Оказалось, что препубертатные неотеники, то есть долгоживущие дети, лет через десять-пятнадцать начинали деградировать. У внешне физически здоровых образцов начинались проблемы с выработкой гормонов счастья. Казалось бы, живи себе ребёнком долго-долго, играй, учись, наслаждайся юным телом… Но, почему-то, начинали катастрофически падать титры эндорфинов, дофамина, окситацина и серотонина. Несчастные дети становились замкнутыми, агрессивными, не способными к социальным контактам. Полная катастрофа. Процентов десять подопытных пополнила клиники для буйных психов. Ещё примерно пятая часть становились просто тихими катотониками. А у оставшихся наблюдался интересный синдром концептуального кретинизма, они проникались некой суперидеей, придуманной ими самими, но чаще привносимой из вне, в первую очередь человеком, которому неотеники безмерно доверяли. За этот синдром и уцепились спецы Управления Имперской Разведки. Чем просто утилизировать неотеников в газовых камерах или усыплять их инъекциями, их начинали пропитывать нужными идеологическими установками, которыми они проникались до мозга костей, и внедрять их поодиночке в разведгруппы. Эффект оказался потрясающе положительным. Во-первых, это были не вызывающие подозрения у противника дети. Во-вторых, это не способные на предательство существа. И, самое главное, они всегда будут следовать своей суперидее, даже если это будет стоить им жизни. В группе Косты таким элементом был, как вы уже догадались, Бобас. Поначалу Коста был очень недоволен таким соседством, но вскоре привык к услугам этого молчаливого помощника, тем более, что первоначальное мнение Косты об его умственной неполноценности было полностью развеяно. Бобас был, конечно, вещью в себе, но весьма вдумчивой, осторожной и надёжной. Единственное, что беспокоило Косту, что мальчишки могли заметить, что Бобас не растёт, но до последнего времени ни Койт, ни Марсик данный вопрос не поднимали.
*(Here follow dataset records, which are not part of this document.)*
lemma monomial_mat_mult:
  fixes c e :: "nat \<Rightarrow> 'a::semiring_0"
  assumes "\<And>j. j < n \<Longrightarrow> \<tau> j < n"
  shows "monomial_mat n \<pi> c * monomial_mat n \<tau> e = monomial_mat n (\<pi> \<circ> \<tau>) (\<lambda>j. c (\<tau> j) * e j)"
proof (rule eq_matI)
  fix i j assume "i < dim_row (monomial_mat n (\<pi> \<circ> \<tau>) (\<lambda>j. c (\<tau> j) * e j))"
    and "j < dim_col (monomial_mat n (\<pi> \<circ> \<tau>) (\<lambda>j. c (\<tau> j) * e j))"
  then have i: "i < n" and j: "j < n" by auto
  have "(monomial_mat n \<pi> c * monomial_mat n \<tau> e) $$ (i, j) =
      (\<Sum>l = 0..<n. (if i = \<pi> l then c l else 0) * (if l = \<tau> j then e j else 0))"
    using i j by (simp add: monomial_mat_def scalar_prod_def)
  also have "\<dots> = (\<Sum>l = 0..<n. if l = \<tau> j then (if i = \<pi> l then c l else 0) * e j else 0)"
    by (rule sum.cong) auto
  also have "\<dots> = (if i = \<pi> (\<tau> j) then c (\<tau> j) else 0) * e j"
    using assms[OF j] by (simp add: sum.delta')
  finally show "(monomial_mat n \<pi> c * monomial_mat n \<tau> e) $$ (i, j) =
      monomial_mat n (\<pi> \<circ> \<tau>) (\<lambda>j. c (\<tau> j) * e j) $$ (i, j)"
    using i j by (simp add: monomial_mat_def)
qed auto

lemma monomial_mat_eqD:
  assumes "monomial_mat n \<pi> c = monomial_mat n \<pi>' c'" "j < n" "\<pi> j < n" "c j \<noteq> 0"
  shows "\<pi>' j = \<pi> j" "c' j = c j"
proof -
  have "monomial_mat n \<pi> c $$ (\<pi> j, j) = monomial_mat n \<pi>' c' $$ (\<pi> j, j)"
    using assms(1) by simp
  then show "\<pi>' j = \<pi> j" "c' j = c j"
    using assms(2-4) by (simp_all add: monomial_mat_def split: if_splits)
qed

lemma one_mat_eq_monomial_mat: "1\<^sub>m n = monomial_mat n id (\<lambda>_. 1)"
  by (auto simp: monomial_mat_def)

lemma mat_diag_eq_monomial_mat: "mat_diag n k = monomial_mat n id k"
  by (auto simp: mat_diag_def monomial_mat_def)

lemma perm_mat_eq_monomial_mat: "perm_mat n \<sigma> = monomial_mat n \<sigma> (\<lambda>_. 1)"
  by (auto simp: perm_mat_def monomial_mat_def)

section \<open>Blocks of a partition and Young subgroups\<close>

definition block_start :: "nat list \<Rightarrow> nat \<Rightarrow> nat" where
  "block_start lam i = sum_list (take i lam)"

lemma block_eq: "block lam i = {block_start lam i..<block_start lam (Suc i)}"
  by (simp add: block_def block_start_def)

lemma block_start_mono: "i \<le> j \<Longrightarrow> block_start lam i \<le> block_start lam j"
  using take_add[of i "j - i" lam] by (simp add: block_start_def)

lemma block_start_le: "block_start lam i \<le> sum_list lam"
  by (metis block_start_def append_take_drop_id le_add1 sum_list_append)

lemma block_start_Suc: "i < length lam \<Longrightarrow> block_start lam (Suc i) = block_start lam i + lam ! i"
  by (simp add: block_start_def take_Suc_conv_app_nth)

lemma block_subset: "block lam i \<subseteq> {0..<sum_list lam}"
  using block_start_le[of lam "Suc i"] by (auto simp: block_eq)

lemma finite_block [simp]: "finite (block lam i)"
  by (simp add: block_eq)

lemma card_block: "i < length lam \<Longrightarrow> card (block lam i) = lam ! i"
  by (simp add: block_eq block_start_Suc)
Ну а Империи, дабы возобновить исследования по программе долголетия и заполучить возможность торговаться с землянами, скажем снова, не оставалось ничего другого, как ввязаться в долгую войну за Чёрные Холмы с весьма сильной и сплочённой Республикой, которую проблема неотении, во всяком случае в то время, видимо не интересовала. И пошли через границу многочисленные имперские разведгруппы, сколоченные часто абы как, из того, что было, не исключая молодняка, едва-едва закончившего спецшколу.
УИР Империи была организация весьма закрытая, по сути дела даже сектантская, со своими тайнами, клятвами, идиотическими ритуалами и легендами. В целях избежать лишней огласки и всякого рода юридических коллизий, пополнять свои ряды уировцы предпочитали отпрысками собственного инкубатория, чьи мозги промывались с пелёнок.
Коста был одним из таких. С малолетства он воспитывался в преклонении перед имперскими идеями, создавался как плоть от плоти государства, его меркантильной идеологии, когда «я» преобладало над «мы», когда чинопочитание и сребролюбие преподносились как высшая благодетель. И Коста стал прилежным учеником. Он умел обольщать, он умел привязывать к себе людей, но он был научен перешагивать остывающий труп любого, кто был к нему близок, но перестал представлять какой-либо интерес, тем более, если этот человек становился поперёк дороги.
Когда Коста учился в спецшколе, среди учеников ходило много устных страшилок и гипотез об ужасах взрослой жизни. Всякого рода истории об упырях и вервольфах на службе Его Величества, о всякого рода киборгах и чёрных полковниках. Одной из таких легенд, была история о «ставящих точку». Будто к разведгруппе на грани раскрытия приходит такой киллер и ставит на ней точку, убивая всех.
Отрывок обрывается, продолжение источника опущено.